Fig. 118. Mahárája Sir Hira Singh.

2. Other Sikh States

Area, 630 sq. m. Cultd area, 424 sq. m. Pop. 268,163. Rev. Rs. 14,00,000 = £93,333, exclusive of Rs. 13,00,000 = £86,666 derived from the Oudh estates.

Kapúrthala.—The main part consists of a strip of territory mostly in the valley of the Biás, and interposed between that river and Jalandhar. This is divided into the four tahsíls of Bholath, Dhilwan, Kapúrthala, and Sultánpur. There is a small island of territory in Hoshyárpur, and a much larger one, the Phagwára tahsíl, projecting southwards from the border of that district into Jalandhar. Two-thirds of the area is cultivated and the proportion of high-class crops is large. The chief agricultural tribes are the Muhammadan Arains and the Játs, most of whom are Sikhs.

The real founder of the Kapúrthala house was Sardár Jassa Singh Ahluwália, who in 1763, when Sirhind fell, was the leading Sikh chief in the Panjáb. He captured Kapúrthala in 1771 and made it his headquarters, and died in 1783. A distant relative, Bágh Singh, succeeded. His successor, Fateh Singh, was a sworn brother of Ranjít Singh, with whom he exchanged turbans. But an alliance between the weak and the strong is not free from fears, and in 1826 Fateh Singh, who had large possessions south of the Sutlej, fled thither and asked the protection of the British Government. He returned however to Kapúrthala in 1827, and the Mahárája never pushed matters with Fateh Singh to extremities. The latter died in 1836. His successor, Nihál Singh, was a timid man, and his failure to support the British in 1845 led to the loss of his Cis-Sutlej estates. In 1849 he took the English side and was given the title of Rája. Randhír Singh succeeded in 1852. His conspicuous services in the Mutiny were rewarded with the grant of estates in Oudh. The present Mahárája, Sir Jagatjít Singh Bahádur, G.C.S.I., is a grandson of Randhír Singh. He was a young child when he succeeded in 1877. The State maintains a battalion of infantry for imperial service.

Fig. 119. Mahárája Sir Jagatjít Singh Bahádur, G.C.S.I.

Fig. 120. Rája Brijindar Singh.

Area, 642 sq. m. Pop. 130,925. Rev. Rs. 11,50,000 = £76,666.

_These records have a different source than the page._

text \<open>
  Induction on \<open>n\<close>, carrying the invariant that \<open>R n\<close> and \<open>R (n + 1)\<close> split into simple
  roots in \<open>(a, b)\<close> whose orders interlace. At a root \<open>y\<close> of \<open>R (n + 1)\<close> the recurrence
  gives \<open>R (n + 2) y = - R n y\<close>, and \<open>R n\<close> changes sign exactly once between two consecutive
  roots of \<open>R (n + 1)\<close>, so \<open>R (n + 2)\<close> has a root in each of these \<open>n\<close> gaps. The sign
  hypotheses make \<open>R n\<close> and \<open>R (n + 2)\<close> agree in sign at \<open>a\<close> and at \<open>b\<close>, which yields one
  more root below the smallest and one above the largest root of \<open>R (n + 1)\<close>. These are
  \<open>n + 2 = deg R (n + 2)\<close> roots, hence all of them.
\<close>

lemma prod_linear_factors_dvd:
  fixes p :: "real poly"
  assumes "finite S" "\<forall>s\<in>S. poly p s = 0"
  shows "(\<Prod>s\<in>S. [:-s, 1:]) dvd p"
  using assms
proof (induction S arbitrary: p rule: finite_induct)
  case empty
  then show ?case by simp
next
  case (insert s S)
  have "(\<Prod>s\<in>S. [:-s, 1:]) dvd p"
    using insert.IH insert.prems by simp
  then obtain q where q: "p = (\<Prod>s\<in>S. [:-s, 1:]) * q"
    by (rule dvdE)
  have "poly (\<Prod>s\<in>S. [:-s, 1:]) s \<noteq> 0"
    using insert.hyps by (auto simp: poly_prod prod_zero_iff)
  with q insert.prems have "[:-s, 1:] dvd q"
    by (simp add: poly_eq_0_iff_dvd)
  then have "[:-s, 1:] * (\<Prod>s\<in>S. [:-s, 1:]) dvd p"
    unfolding q by (metis mult.commute mult_dvd_mono dvd_refl)
  then show ?case
    using insert.hyps by simp
qed

lemma poly_eq_smult_prod_roots:
  fixes p :: "real poly"
  assumes "finite S" "\<forall>s\<in>S. poly p s = 0" "degree p = card S"
  shows "p = smult (lead_coeff p) (\<Prod>s\<in>S. [:-s, 1:])"
proof -
  let ?P = "\<Prod>s\<in>S. [:-s, 1:]"
  obtain q where q: "p = ?P * q"
    using prod_linear_factors_dvd[OF assms(1,2)] by (rule dvdE)
  have lead_P: "lead_coeff ?P = 1"
    by (simp add: lead_coeff_prod)
  have deg_P: "degree ?P = card S"
    using assms(1) by (subst degree_prod_sum_eq) auto
  show ?thesis
  proof (cases "q = 0")
    case False
    have "?P \<noteq> 0"
      using lead_P by auto
    with q False have "degree p = card S + degree q"
      by (simp add: degree_mult_eq deg_P)
    with assms(3) have "degree q = 0"
      by simp
    then obtain k where "q = [:k:]"
      by (metis degree_eq_zeroE)
    with q lead_P show ?thesis
      by (simp add: lead_coeff_mult)
  qed (use q in simp)
qed

lemma poly_eq_smult_prod_ordered_roots:
  fixes p :: "real poly"
  assumes "strict_mono_on {1..m} x" "\<forall>i\<in>{1..m}. poly p (x i) = 0" "degree p = m"
  shows "p = smult (lead_coeff p) (\<Prod>i=1..m. [:-x i, 1:])"
proof -
  have inj: "inj_on x {1..m}"
    using assms(1) by (rule strict_mono_on_imp_inj_on)
  have "p = smult (lead_coeff p) (\<Prod>s\<in>x ` {1..m}. [:-s, 1:])"
    using assms inj by (intro poly_eq_smult_prod_roots) (auto simp: card_image)
  also have "(\<Prod>s\<in>x ` {1..m}. [:-s, 1:]) = (\<Prod>i=1..m. [:-x i, 1:])"
    using inj by (simp add: prod.reindex)
  finally show ?thesis .
qed
lemma prob_system_solvable_le:
  assumes "k \<le> n"
  shows "measure_pmf.prob (data_pmf n k m) {d. system_solvable n k m d}
           \<le> 2 ^ Nk n k * (1 - 1 / 2 ^ k) ^ m"
proof -
  define M where "M = monomial_index n k"
  define Ts where "Ts = {T\<in>Pow M. {} \<in> T}"
  define violated where
    "violated = (\<lambda>T. {x. \<not> lin_functional n k (fst x) (\<lambda>i. \<not> snd x i) (\<lambda>S. S \<in> T)})"
  have fin_M: "finite M"
    by (rule finite_subset[of _ "Pow {..<n}"]) (auto simp: M_def monomial_index_def)
  have fin_Ts: "finite Ts"
    using fin_M by (simp add: Ts_def)
  have card_Ts: "card Ts \<le> 2 ^ Nk n k"
  proof -
    have "card Ts \<le> card (Pow M)"
      using fin_M by (intro card_mono) (auto simp: Ts_def)
    then show ?thesis
      using fin_M by (simp add: card_Pow M_def card_monomial_index)
  qed
  have cover: "{d. system_solvable n k m d} \<subseteq> (\<Union>T\<in>Ts. Pi {..<m} (\<lambda>_. violated T))"
  proof
    fix d assume "d \<in> {d. system_solvable n k m d}"
    then obtain Y where Y: "Y {}" "\<forall>j<m. \<not> lin_functional n k (fst (d j)) (\<lambda>i. \<not> snd (d j) i) Y"
      by (auto simp: system_solvable_def)
    have "(\<lambda>S. S \<in> {S\<in>M. Y S}) = (\<lambda>S. S \<in> monomial_index n k \<and> Y S)"
      by (simp add: M_def)
    then have "d \<in> Pi {..<m} (\<lambda>_. violated {S\<in>M. Y S})"
      using Y(2) by (simp add: violated_def lin_functional_restrict)
    moreover have "{S\<in>M. Y S} \<in> Ts"
      using Y(1) by (auto simp: Ts_def M_def monomial_index_def)
    ultimately show "d \<in> (\<Union>T\<in>Ts. Pi {..<m} (\<lambda>_. violated T))"
      by blast
  qed
  have prob_Pi: "measure_pmf.prob (data_pmf n k m) (Pi {..<m} (\<lambda>_. violated T)) \<le> (1 - 1 / 2 ^ k) ^ m"
    if "T \<in> Ts" for T
  proof -
    have "measure_pmf.prob (data_pmf n k m) (Pi {..<m} (\<lambda>_. violated T))
        = measure_pmf.prob (pmf_of_set (flat_data n k)) (violated T) ^ m"
      unfolding data_pmf_def by (simp add: measure_Pi_pmf_Pi)
    also have "\<dots> \<le> (1 - 1 / 2 ^ k) ^ m"
      using that assms unfolding violated_def Ts_def
      by (intro power_mono prob_flat_violates_le) auto
    finally show ?thesis .
  qed
  have "measure_pmf.prob (data_pmf n k m) {d. system_solvable n k m d}
      \<le> measure_pmf.prob (data_pmf n k m) (\<Union>T\<in>Ts. Pi {..<m} (\<lambda>_. violated T))"
    using cover by (rule measure_pmf.finite_measure_mono) simp
  also have "\<dots> \<le> (\<Sum>T\<in>Ts. measure_pmf.prob (data_pmf n k m) (Pi {..<m} (\<lambda>_. violated T)))"
    using fin_Ts by (intro measure_pmf.finite_measure_subadditive_finite) auto
  also have "\<dots> \<le> real (card Ts) * (1 - 1 / 2 ^ k) ^ m"
    using sum_mono[OF prob_Pi] by simp
  also have "\<dots> \<le> 2 ^ Nk n k * (1 - 1 / 2 ^ k) ^ m"
    using card_Ts by (intro mult_right_mono) (simp_all add: numeral_power_le_of_nat_cancel_iff)
  finally show ?thesis .
qed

Farídkot is a small wedge of territory which almost divides the Ferozepore district in two. The population is composed of Sikhs 42½, Hindus and Jains 29, and Musalmans 28½ p.c. Sikh Játs are the strongest tribe. The country is flat. In the west it is very sandy, but in the east the soil is firmer and is irrigated in part by the Sirhind Canal. The Chief, like the Phulkians, is a Sidhu Barár Ját, and, though not a descendant of Phul, unites his line with the Phulkians further back. The present Rája, Brijindar Singh, is 17 years of age, and the State is managed by a Council of Regency.

Area, 168 sq.m. Pop. 55,915. Rev. Rs. 221,000 = £14,733.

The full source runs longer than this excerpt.